Ceph使用---dashboard启用及Prometheus监控
一、Ceph dashboard介绍
Ceph dashboard 是通过一个 web 界面, 对已经运行的 ceph 集群进行状态查看及功能配置等功能, 早期 ceph 使用的是第三方的 dashboard 组件。
如:Calamari
Calamari 对外提供了十分漂亮的 Web 管理和监控界面, 以及一套改进的 REST API 接口(不同于 Ceph 自身的 REST API) , 在一定程度上简化了 Ceph 的管理。 最初 Calamari 是作为Inktank 公司的 Ceph 企业级商业产品来销售, 红帽 2015 年收购 Inktank 后为了更好地推动 Ceph 的发展, 对外宣布 Calamari 开源
https://github.com/ceph/calamari
优点:
- 管理功能好
 - 界面友好
 - 可以利用它来部署 Ceph 和监控 Ceph
 
缺点:
- 非官方
 - 依赖 OpenStack 某些包
 
VSM
Virtual Storage Manager (VSM)是 Intel 公司研发并且开源的一款 Ceph 集群管理和监控软件, 简化了一些 Ceph 集群部署的一些步骤, 可以简单的通过 WEB 页面来操作。
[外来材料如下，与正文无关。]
(* Let $G$ be a finite group, $b$ a block of $kG$ with defect group $P$, and let $i$ be an almost source idempotent in $(kGb)^{\Delta P}$. Denote by $\mathcal{F}$ the fusion system on $P$ determined by $i$. Let $Q$, $R$ be subgroups of $P$ and denote by $e$ the unique block of $kC_G(Q)$ satisfying $\mathrm{Br}_{\Delta Q}(i)e\neq 0$. Let $\varphi:Q\to R$ be an injective group homomorphism such that ${}_\varphi kR$ is isomorphic to a direct summand of $e\,kG\,i$ as a $kQ$-$kR$-bimodule. Then $\varphi\in\mathrm{Hom}_{\mathcal{F}}(Q,R)$.
   Context: $k$ is a field of prime characteristic $p$, assumed to be a splitting field for all block algebras that arise. A block of $kG$ is a primitive idempotent $b$ of $Z(kG)$; a defect group is a maximal $p$-subgroup $P$ with $kP$ a direct summand of $kGb$ as $kP$-$kP$-bimodule. $\Delta Q=\{(u,u)\mid u\in Q\}$, and $\mathrm{Br}_{\Delta Q}:(kG)^{\Delta Q}\to kC_G(Q)$ is the Brauer homomorphism, the linear map induced by sending $x\in C_G(Q)$ to $x$ and $x\in G\setminus C_G(Q)$ to $0$. An idempotent $i\in(kGb)^{\Delta P}$ is an almost source idempotent if $\mathrm{Br}_{\Delta P}(i)\ne0$ and for each $Q\le P$ there is a unique block $e_Q$ of $kC_G(Q)$ with $\mathrm{Br}_{\Delta Q}(i)\in kC_G(Q)e_Q$. The fusion system $\mathcal{F}$ determined by $i$: for $Q,R\le P$, $\mathrm{Hom}_{\mathcal{F}}(Q,R)$ is the set of group homomorphisms $\varphi:Q\to R$ for which there is $x\in G$ with $\varphi(u)=xux^{-1}$ for all $u\in Q$ and $xe_Qx^{-1}=e_{xQx^{-1}}$. ${}_\varphi kR$ denotes the $kQ$-$kR$-bimodule $kR$ with $Q$ acting on the left through $\varphi$. *)

theory Defs
  imports "HOL-Algebra.Algebra"
begin

text \<open>Elements of kG are functions from the group to k; the element supported on a subset H
  (a subgroup) form kH. Multiplication is convolution.\<close>

definition galg :: "('g,'b) monoid_scheme \<Rightarrow> 'g set \<Rightarrow> ('g \<Rightarrow> 'k::field) set" where
  "galg G H = {a. \<forall>x. x \<notin> H \<longrightarrow> a x = 0}"

definition conv :: "('g,'b) monoid_scheme \<Rightarrow> ('g \<Rightarrow> 'k::field) \<Rightarrow> ('g \<Rightarrow> 'k) \<Rightarrow> ('g \<Rightarrow> 'k)" where
  "conv G a c = (\<lambda>x. if x \<in> carrier G
      then (\<Sum>y\<in>carrier G. a y * c (inv\<^bsub>G\<^esub> y \<otimes>\<^bsub>G\<^esub> x)) else 0)"

definition delta :: "'g \<Rightarrow> ('g \<Rightarrow> 'k::field)" where
  "delta g = (\<lambda>x. if x = g then 1 else 0)"

definition gadd :: "('g \<Rightarrow> 'k::field) \<Rightarrow> ('g \<Rightarrow> 'k) \<Rightarrow> ('g \<Rightarrow> 'k)" where
  "gadd a c = (\<lambda>x. a x + c x)"

definition gsmult :: "'k::field \<Rightarrow> ('g \<Rightarrow> 'k) \<Rightarrow> ('g \<Rightarrow> 'k)" where
  "gsmult t a = (\<lambda>x. t * a x)"

definition gzero :: "'g \<Rightarrow> 'k::field" where
  "gzero = (\<lambda>x. 0)"

definition gcenter :: "('g,'b) monoid_scheme \<Rightarrow> 'g set \<Rightarrow> ('g \<Rightarrow> 'k::field) set" where
  "gcenter G H = {z \<in> galg G H. \<forall>a \<in> galg G H. conv G z a = conv G a z}"

definition is_block :: "('g,'b) monoid_scheme \<Rightarrow> 'g set \<Rightarrow> ('g \<Rightarrow> 'k::field) \<Rightarrow> bool" where
  "is_block G H b \<longleftrightarrow> b \<in> gcenter G H \<and> conv G b b = b \<and> b \<noteq> gzero \<and>
     (\<forall>c \<in> gcenter G H. conv G c c = c \<and> conv G c b = c \<longrightarrow> c = gzero \<or> c = b)"

definition centr :: "('g,'b) monoid_scheme \<Rightarrow> 'g set \<Rightarrow> 'g set" where
  "centr G Q = {x \<in> carrier G. \<forall>u \<in> Q. x \<otimes>\<^bsub>G\<^esub> u = u \<otimes>\<^bsub>G\<^esub> x}"

definition gconj :: "('g,'b) monoid_scheme \<Rightarrow> 'g \<Rightarrow> ('g \<Rightarrow> 'k::field) \<Rightarrow> ('g \<Rightarrow> 'k)" where
  "gconj G x a = conv G (delta x) (conv G a (delta (inv\<^bsub>G\<^esub> x)))"

definition fixed_pts :: "('g,'b) monoid_scheme \<Rightarrow> 'g set \<Rightarrow> ('g \<Rightarrow> 'k::field) set" where
  "fixed_pts G Q = {a \<in> galg G (carrier G). \<forall>u \<in> Q. gconj G u a = a}"

text \<open>Brauer homomorphism Br_{\<Delta>Q} (the linear map: keep coefficients on C_G(Q), kill the rest).\<close>
definition brauer :: "('g,'b) monoid_scheme \<Rightarrow> 'g set \<Rightarrow> ('g \<Rightarrow> 'k::field) \<Rightarrow> ('g \<Rightarrow> 'k)" where
  "brauer G Q a = (\<lambda>x. if x \<in> centr G Q then a x else 0)"

definition p_subgroup :: "('g,'b) monoid_scheme \<Rightarrow> nat \<Rightarrow> 'g set \<Rightarrow> bool" where
  "p_subgroup G p P \<longleftrightarrow> subgroup P G \<and> (\<exists>n. card P = p ^ n)"

text \<open>bimod_summand G Q R \<alpha> M \<beta> N: M and N are k-subspaces of kG, regarded as kQ-kR-bimodules with
  u \<in> Q acting on the left by multiplication with delta (\<alpha> u) on M (resp. delta (\<beta> u) on N) and
  v \<in> R acting on the right by multiplication with delta v. The predicate says that M is isomorphic
  to a direct summand of N as kQ-kR-bimodule, i.e. there are bimodule homomorphisms f : M \<rightarrow> N and
  g : N \<rightarrow> M with g \<circ> f = id on M.\<close>

definition bimod_hom :: "('g,'b) monoid_scheme \<Rightarrow> 'g set \<Rightarrow> 'g set \<Rightarrow>
    ('g \<Rightarrow> 'g) \<Rightarrow> ('g \<Rightarrow> 'k::field) set \<Rightarrow> ('g \<Rightarrow> 'g) \<Rightarrow> ('g \<Rightarrow> 'k) set \<Rightarrow>
    (('g \<Rightarrow> 'k) \<Rightarrow> ('g \<Rightarrow> 'k)) \<Rightarrow> bool" where
  "bimod_hom G Q R \<alpha> M \<beta> N f \<longleftrightarrow>
     (\<forall>m \<in> M. f m \<in> N) \<and>
     (\<forall>m \<in> M. \<forall>m' \<in> M. f (gadd m m') = gadd (f m) (f m')) \<and>
     (\<forall>t. \<forall>m \<in> M. f (gsmult t m) = gsmult t (f m)) \<and>
     (\<forall>u \<in> Q. \<forall>m \<in> M. f (conv G (delta (\<alpha> u)) m) = conv G (delta (\<beta> u)) (f m)) \<and>
     (\<forall>v \<in> R. \<forall>m \<in> M. f (conv G m (delta v)) = conv G (f m) (delta v))"

definition bimod_summand :: "('g,'b) monoid_scheme \<Rightarrow> 'g set \<Rightarrow> 'g set \<Rightarrow>
    ('g \<Rightarrow> 'g) \<Rightarrow> ('g \<Rightarrow> 'k::field) set \<Rightarrow> ('g \<Rightarrow> 'g) \<Rightarrow> ('g \<Rightarrow> 'k) set \<Rightarrow> bool" where
  "bimod_summand G Q R \<alpha> M \<beta> N \<longleftrightarrow>
     (\<exists>f g. bimod_hom G Q R \<alpha> M \<beta> N f \<and> bimod_hom G Q R \<beta> N \<alpha> M g \<and> (\<forall>m \<in> M. g (f m) = m))"

definition block_alg :: "('g,'b) monoid_scheme \<Rightarrow> ('g \<Rightarrow> 'k::field) \<Rightarrow> ('g \<Rightarrow> 'k) set" where
  "block_alg G b = {conv G a b | a. a \<in> galg G (carrier G)}"

definition has_kP_summand :: "('g,'b) monoid_scheme \<Rightarrow> ('g \<Rightarrow> 'k::field) \<Rightarrow> 'g set \<Rightarrow> bool" where
  "has_kP_summand G b P \<longleftrightarrow>
     bimod_summand G P P id (galg G P :: ('g \<Rightarrow> 'k) set) id (block_alg G b)"

definition defect_group :: "('g,'b) monoid_scheme \<Rightarrow> nat \<Rightarrow> ('g \<Rightarrow> 'k::field) \<Rightarrow> 'g set \<Rightarrow> bool" where
  "defect_group G p b P \<longleftrightarrow> p_subgroup G p P \<and> has_kP_summand G b P \<and>
     (\<forall>P'. p_subgroup G p P' \<and> has_kP_summand G b P' \<and> P \<subseteq> P' \<longrightarrow> P' = P)"

definition almost_source :: "('g,'b) monoid_scheme \<Rightarrow> ('g \<Rightarrow> 'k::field) \<Rightarrow> 'g set \<Rightarrow> ('g \<Rightarrow> 'k) \<Rightarrow> bool" where
  "almost_source G b P i \<longleftrightarrow>
     i \<in> block_alg G b \<and> i \<in> fixed_pts G P \<and> conv G i i = i \<and> brauer G P i \<noteq> gzero \<and>
     (\<forall>Q. subgroup Q G \<and> Q \<subseteq> P \<longrightarrow>
        (\<exists>!e. is_block G (centr G Q) e \<and> brauer G Q i \<in> {conv G a e | a. a \<in> galg G (centr G Q)}))"

definition eQ :: "('g,'b) monoid_scheme \<Rightarrow> ('g \<Rightarrow> 'k::field) \<Rightarrow> 'g set \<Rightarrow> ('g \<Rightarrow> 'k)" where
  "eQ G i Q = (THE e. is_block G (centr G Q) e \<and>
                 brauer G Q i \<in> {conv G a e | a. a \<in> galg G (centr G Q)})"

definition fusion_hom :: "('g,'b) monoid_scheme \<Rightarrow> ('g \<Rightarrow> 'k::field) \<Rightarrow> 'g set \<Rightarrow> 'g set \<Rightarrow> ('g \<Rightarrow> 'g) \<Rightarrow> bool" where
  "fusion_hom G i Q R \<phi> \<longleftrightarrow>
     (\<forall>u \<in> Q. \<phi> u \<in> R) \<and> (\<forall>u \<in> Q. \<forall>v \<in> Q. \<phi> (u \<otimes>\<^bsub>G\<^esub> v) = \<phi> u \<otimes>\<^bsub>G\<^esub> \<phi> v) \<and>
     (\<exists>x \<in> carrier G. (\<forall>u \<in> Q. \<phi> u = x \<otimes>\<^bsub>G\<^esub> u \<otimes>\<^bsub>G\<^esub> inv\<^bsub>G\<^esub> x) \<and>
        gconj G x (eQ G i Q) = eQ G i ((\<lambda>u. x \<otimes>\<^bsub>G\<^esub> u \<otimes>\<^bsub>G\<^esub> inv\<^bsub>G\<^esub> x) ` Q))"

text \<open>k is a splitting field for kH: End_{kH}(S) = k for every simple kH-module S.  Every simple
  module is kH/L for a maximal left ideal L, and End_{kH}(kH/L) is given by right multiplications
  by elements a with L a \<subseteq> L, modulo L.\<close>

definition left_ideal :: "('g,'b) monoid_scheme \<Rightarrow> 'g set \<Rightarrow> ('g \<Rightarrow> 'k::field) set \<Rightarrow> bool" where
  "left_ideal G H L \<longleftrightarrow> L \<subseteq> galg G H \<and> gzero \<in> L \<and>
     (\<forall>l \<in> L. \<forall>l' \<in> L. gadd l l' \<in> L) \<and> (\<forall>t. \<forall>l \<in> L. gsmult t l \<in> L) \<and>
     (\<forall>a \<in> galg G H. \<forall>l \<in> L. conv G a l \<in> L)"

definition max_left_ideal :: "('g,'b) monoid_scheme \<Rightarrow> 'g set \<Rightarrow> ('g \<Rightarrow> 'k::field) set \<Rightarrow> bool" where
  "max_left_ideal G H L \<longleftrightarrow> left_ideal G H L \<and> L \<noteq> galg G H \<and>
     (\<forall>L'. left_ideal G H L' \<and> L \<subseteq> L' \<longrightarrow> L' = L \<or> L' = galg G H)"

definition splitting_field_for :: "('g,'b) monoid_scheme \<Rightarrow> 'g set \<Rightarrow> 'k::field itself \<Rightarrow> bool" where
  "splitting_field_for G H (TYPE('k)) \<longleftrightarrow>
     (\<forall>L :: ('g \<Rightarrow> 'k) set. max_left_ideal G H L \<longrightarrow>
        (\<forall>a \<in> galg G H. (\<forall>l \<in> L. conv G l a \<in> L) \<longrightarrow>
           (\<exists>t. gadd a (gsmult (- t) (delta \<one>\<^bsub>G\<^esub>)) \<in> L)))"

end
lemma LT_in_keys:
  assumes "monoid_wellorder lt" "p \<noteq> 0"
  shows "LT lt p \<in> Poly_Mapping.keys p"
  unfolding LT_def
  by (rule the_greatest_on_in[where h = "\<lambda>m. m"])
    (simp_all add: assms monoid_wellorder_irreflp monoid_wellorder_transp monoid_wellorder_totalp)

lemma tLT_in_keys:
  assumes "monoid_wellorder lt" "f \<noteq> 0"
  shows "tLT lt f \<in> Poly_Mapping.keys f"
  unfolding tLT_def
  by (rule the_greatest_on_in)
    (simp_all add: assms monoid_wellorder_irreflp monoid_wellorder_transp monoid_wellorder_totalp
      inj_on_subset[OF inj_untag])

section \<open>Reduction steps and shifts\<close>

lemma equivclp_add_multiple:
  fixes e :: "'t \<Rightarrow>\<^sub>0 'k::field"
  assumes e: "Poly_Mapping.lookup e t \<noteq> 0"
    and step: "\<And>f. Poly_Mapping.lookup f t \<noteq> 0 \<Longrightarrow>
      r f (f - psmult (Poly_Mapping.lookup f t / Poly_Mapping.lookup e t) e)"
  shows "equivclp r f (f + psmult c e)"
proof -
  define z where "z y = y - psmult (Poly_Mapping.lookup y t / Poly_Mapping.lookup e t) e" for y
  have to_z: "equivclp r y (z y)" for y
  proof (cases "Poly_Mapping.lookup y t = 0")
    case True
    have "psmult 0 e = 0" by (rule poly_mapping_eqI) (simp add: lookup_psmult)
    with True show ?thesis by (simp add: z_def)
  next
    case False
    then show ?thesis using step by (auto simp: z_def)
  qed
  \<comment> \<open>\<open>z y\<close> is the member of \<open>y + K e\<close> vanishing at \<open>t\<close>,
    so it is the same for \<open>f\<close> and \<open>f + c e\<close>.\<close>
  have "z (f + psmult c e) = z f"
    by (rule poly_mapping_eqI)
      (use e in \<open>simp add: z_def lookup_add lookup_minus lookup_psmult field_simps\<close>)
  then show ?thesis
    using to_z[of f] to_z[of "f + psmult c e"] by (metis equivclp_sym equivclp_trans)
qed

lemma equivclp_red_add_tright:
  fixes Q :: "('x, 'k::field) ncpoly set"
  assumes "monoid_wellorder lt" "q \<in> Q"
  shows "equivclp (red lt (tag ` Q) P) f (f + psmult c (tright (tag q) v))"
proof (cases "tag q = 0")
  case True
  then show ?thesis by (simp add: tright_eq_relabel)
next
  case False
  let ?t = "Tag (untag (tLT lt (tag q)) @ v)"
  have inj: "inj (\<lambda>t. Tag (untag t @ v))"
    by (rule injI) (metis Tag_untag append_same_eq tterm.inject)
  have lookup_t: "Poly_Mapping.lookup (tright (tag q) v) ?t = tLC lt (tag q)"
    unfolding tright_eq_relabel tLC_def by (rule lookup_relabel_inj[OF inj])
  have "tLC lt (tag q) \<noteq> 0"
    using tLT_in_keys[OF assms(1) False] by (simp add: tLC_def in_keys_iff)
  then show ?thesis
  proof (rule equivclp_add_multiple[where t = ?t and e = "tright (tag q) v", unfolded lookup_t])
    fix f :: "('x, 'k) tpoly"
    assume "Poly_Mapping.lookup f ?t \<noteq> 0"
    then show "red lt (tag ` Q) P f
        (f - psmult (Poly_Mapping.lookup f ?t / tLC lt (tag q)) (tright (tag q) v))"
      unfolding red_def using assms(2) False by blast
  qed
qed

lemma equivclp_red_add_tag_left:
  fixes P :: "('x, 'k::field) ncpoly set"
  assumes "monoid_wellorder lt" "p \<in> P"
  shows "equivclp (red lt (tag ` Q) P) f
    (f + psmult c (tag_left w (ncmul p (Poly_Mapping.single v 1))))"
proof (cases "p = 0")
  case True
  then show ?thesis by (simp add: tag_left_eq_relabel ncmul_eq_times)
next
  case False
  let ?e = "tag_left w (ncmul p (Poly_Mapping.single v 1))"
  let ?t = "Tag (w @ LT lt p @ v)"
  have inj: "inj (\<lambda>m. Tag (w @ m @ v))"
    by (rule injI) simp
  have "?e = relabel (\<lambda>m. Tag (w @ m @ v)) p"
    by (simp add: tag_left_eq_relabel ncmul_eq_times times_single_one_right relabel_relabel)
  then have lookup_t: "Poly_Mapping.lookup ?e ?t = LC lt p"
    unfolding LC_def using lookup_relabel_inj[OF inj] by simp
  have "LC lt p \<noteq> 0"
    using LT_in_keys[OF assms(1) False] by (simp add: LC_def in_keys_iff)
  then show ?thesis
  proof (rule equivclp_add_multiple[where t = ?t and e = ?e, unfolded lookup_t])
    fix f :: "('x, 'k) tpoly"
    assume "Poly_Mapping.lookup f ?t \<noteq> 0"
    then show "red lt (tag ` Q) P f (f - psmult (Poly_Mapping.lookup f ?t / LC lt p) ?e)"
      unfolding red_def using assms(2) False by blast
  qed
qed

definition shift_invariant :: "('a \<Rightarrow> 'a \<Rightarrow> bool) \<Rightarrow> 'a::ab_group_add \<Rightarrow> bool" where
  "shift_invariant r d \<longleftrightarrow> (\<forall>f. equivclp r f (f + d))"

lemma shift_invariant_zero: "shift_invariant r 0"
  by (simp add: shift_invariant_def)

lemma shift_invariant_add:
  assumes "shift_invariant r a" "shift_invariant r b"
  shows "shift_invariant r (a + b)"
  unfolding shift_invariant_def
proof
  fix f
  have "equivclp r f (f + a)" "equivclp r (f + a) (f + a + b)"
    using assms by (simp_all add: shift_invariant_def)
  then show "equivclp r f (f + (a + b))"
    by (simp add: add.assoc equivclp_trans)
qed

lemma shift_invariant_uminus:
  assumes "shift_invariant r a"
  shows "shift_invariant r (- a)"
  unfolding shift_invariant_def
proof
  fix f
  have "equivclp r (f - a) (f - a + a)"
    using assms unfolding shift_invariant_def by blast
  then show "equivclp r f (f + - a)"
    by (simp add: equivclp_sym)
qed

lemma shift_invariant_additive:
  fixes F :: "('b \<Rightarrow>\<^sub>0 'c::comm_monoid_add) \<Rightarrow> 'a::ab_group_add"
  assumes "\<And>k c. shift_invariant r (F (Poly_Mapping.single k c))"
    and "\<And>x y. F (x + y) = F x + F y"
  shows "shift_invariant r (F p)"
proof (induction p rule: poly_mapping_induct)
  case zero
  have "F 0 = 0" using assms(2)[of 0 0] by simp
  then show ?case by (simp add: shift_invariant_zero)
next
  case (single_add p k c)
  then show ?case by (simp add: assms shift_invariant_add)
qed
definition bohr_ap :: "(real ^ 'n \<Rightarrow> complex) \<Rightarrow> bool" where
  "bohr_ap f \<longleftrightarrow> continuous_on UNIV f \<and>
     (\<forall>\<epsilon>>0. \<exists>l>0. \<forall>t0. \<exists>\<tau>\<in>cball t0 l. \<forall>t. cmod (f (t + \<tau>) - f t) \<le> \<epsilon>)"

definition bohr_B_ap ::
  "'x set set \<Rightarrow> (real ^ 'n \<Rightarrow> 'x::topological_space \<Rightarrow> 'y::real_normed_vector) \<Rightarrow> bool" where
  "bohr_B_ap \<B> F \<longleftrightarrow> continuous_on UNIV (\<lambda>(t, x). F t x) \<and>
     (\<forall>B\<in>\<B>. \<forall>\<epsilon>>0. \<exists>l>0. \<forall>t0. \<exists>\<tau>. dist \<tau> t0 \<le> l \<and>
        (\<forall>t. \<forall>x\<in>B. norm (F (t + \<tau>) x - F t x) \<le> \<epsilon>))"

end

theory Submission
  imports Defs
begin

text \<open>If \<open>\<tau>\<close> is a common \<open>\<delta>\<close>-almost period of \<open>f\<close> and of \<open>F(\<cdot>; x)\<close>, uniformly for \<open>x \<in> B\<close>,
  then splitting \<open>f(t+\<tau>)F(t+\<tau>;x) - f(t)F(t;x) = (f(t+\<tau>) - f(t))F(t+\<tau>;x) + f(t)(F(t+\<tau>;x) - F(t;x))\<close>
  shows that it is an almost period of \<open>fF\<close> up to \<open>\<delta>(sup |f| + sup\<^sub>B \<parallel>F\<parallel>)\<close>; both suprema are finite
  because an almost periodic function takes all its values (up to \<open>\<delta>\<close>) on a compact set.
  It remains to see that common almost periods are relatively dense (Bohr): differences of
  \<open>\<epsilon>\<close>-almost periods are \<open>2\<epsilon>\<close>-almost periods, and by compactness finitely many such differences
  approximate the difference of any two almost periods of \<open>F\<close> and \<open>f\<close> lying near a given point;
  uniform continuity of \<open>f\<close> turns this approximation into a common almost period.\<close>

definition relatively_dense :: "'a::metric_space set \<Rightarrow> bool" where
  "relatively_dense S \<longleftrightarrow> (\<exists>l>0. \<forall>t0. \<exists>\<tau>\<in>S. dist \<tau> t0 \<le> l)"

definition almost_periods :: "real \<Rightarrow> ('a::real_normed_vector \<Rightarrow> 'b::real_normed_vector) \<Rightarrow> 'a set" where
  "almost_periods \<epsilon> g = {\<tau>. \<forall>t. norm (g (t + \<tau>) - g t) \<le> \<epsilon>}"

lemma relatively_dense_mono: "relatively_dense S \<Longrightarrow> S \<subseteq> T \<Longrightarrow> relatively_dense T"
  unfolding relatively_dense_def by blast

lemma bohr_ap_iff:
  "bohr_ap f \<longleftrightarrow> continuous_on UNIV f \<and> (\<forall>\<epsilon>>0. relatively_dense (almost_periods \<epsilon> f))"
  unfolding bohr_ap_def relatively_dense_def almost_periods_def mem_cball Bex_def
  by (simp add: dist_commute conj_commute)

lemma bohr_B_ap_iff:
  "bohr_B_ap \<B> F \<longleftrightarrow> continuous_on UNIV (\<lambda>(t, x). F t x) \<and>
     (\<forall>B\<in>\<B>. \<forall>\<epsilon>>0. relatively_dense (\<Inter>x\<in>B. almost_periods \<epsilon> (\<lambda>t. F t x)))"
  unfolding bohr_B_ap_def relatively_dense_def almost_periods_def Bex_def
  by (simp add: conj_commute) fast

lemma almost_periods_mono: "\<epsilon> \<le> \<epsilon>' \<Longrightarrow> almost_periods \<epsilon> g \<subseteq> almost_periods \<epsilon>' g"
  unfolding almost_periods_def by (auto intro: order_trans)

lemma almost_periods_diff:
  assumes "\<sigma> \<in> almost_periods \<epsilon> g" and "\<sigma>' \<in> almost_periods \<epsilon>' g"
  shows "\<sigma> - \<sigma>' \<in> almost_periods (\<epsilon> + \<epsilon>') g"
  unfolding almost_periods_def mem_Collect_eq
proof
  fix t
  have "g (t + (\<sigma> - \<sigma>')) - g t = (g ((t - \<sigma>') + \<sigma>) - g (t - \<sigma>')) - (g ((t - \<sigma>') + \<sigma>') - g (t - \<sigma>'))"
    by (simp add: algebra_simps)
  also have "norm \<dots> \<le> norm (g ((t - \<sigma>') + \<sigma>) - g (t - \<sigma>')) + norm (g ((t - \<sigma>') + \<sigma>') - g (t - \<sigma>'))"
    by (rule norm_triangle_ineq4)
  also have "\<dots> \<le> \<epsilon> + \<epsilon>'"
    using assms unfolding almost_periods_def mem_Collect_eq by (intro add_mono) blast+
  finally show "norm (g (t + (\<sigma> - \<sigma>')) - g t) \<le> \<epsilon> + \<epsilon>'" .
qed

lemma bounded_bilinear_scaleC: "bounded_bilinear (\<lambda>a (x::'a::complex_normed_vector). a *\<^sub>C x)"
proof (rule bounded_bilinear.intro)
  show "\<exists>K. \<forall>a x::'a. norm (a *\<^sub>C x) \<le> cmod a * norm x * K"
    by (rule exI[of _ 1]) (simp add: norm_scaleC)
qed (simp_all add: scaleC_add_left scaleC_add_right scaleR_scaleC scaleC_scaleC scaleR_conv_of_real
       mult.commute)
https://github.com/intel/virtual-storage-manager
优点:
- 易部署
 - 轻量级
 - 灵活(可以自定义开发功能)
 
缺点:
- 监控选项少
 - 缺乏 Ceph 管理功能
 
Inkscope
Inkscope 是一个 Ceph 的管理和监控系统, 依赖于 Ceph 提供的 API, 使用 MongoDB来存储实时的监控数据和历史信息。
https://github.com/inkscope/inkscope
优点:
- 易部署
 - 轻量级
 - 灵活(可以自定义开发功能)
 
缺点:
- 监控选项少
 - 缺乏 Ceph 管理功能
 

Ceph-Dash
Ceph-Dash 是用 Python 开发的一个 Ceph 的监控面板, 用来监控 Ceph 的运行状态。同时提供 REST API 来访问状态数据。
http://cephdash.crapworks.de/
优点:
- 易部署
 - 轻量级
 - 灵活(可以自定义开发功能)
 
缺点:
- 功能相对简单
 
二、启用dashboard 插件
https://docs.ceph.com/en/mimic/mgr/
https://docs.ceph.com/en/latest/mgr/dashboard/
https://packages.debian.org/unstable/ceph-mgr-dashboard #15 版本有依赖需要单独解决Ceph mgr 是一个多插件(模块化)的组件, 其组件可以单独的启用或关闭。
以下为在ceph-deploy 服务器操作:
新版本需要安装 dashboard, 而且必须安装在 mgr 节点, 否则报错如下:
The following packages have unmet dependencies: ceph-mgr-dashboard : Depends: ceph-mgr (= 15.2.13-1~bpo10+1) but it is not going to be installed E: Unable to correct problems, you have held broken packages.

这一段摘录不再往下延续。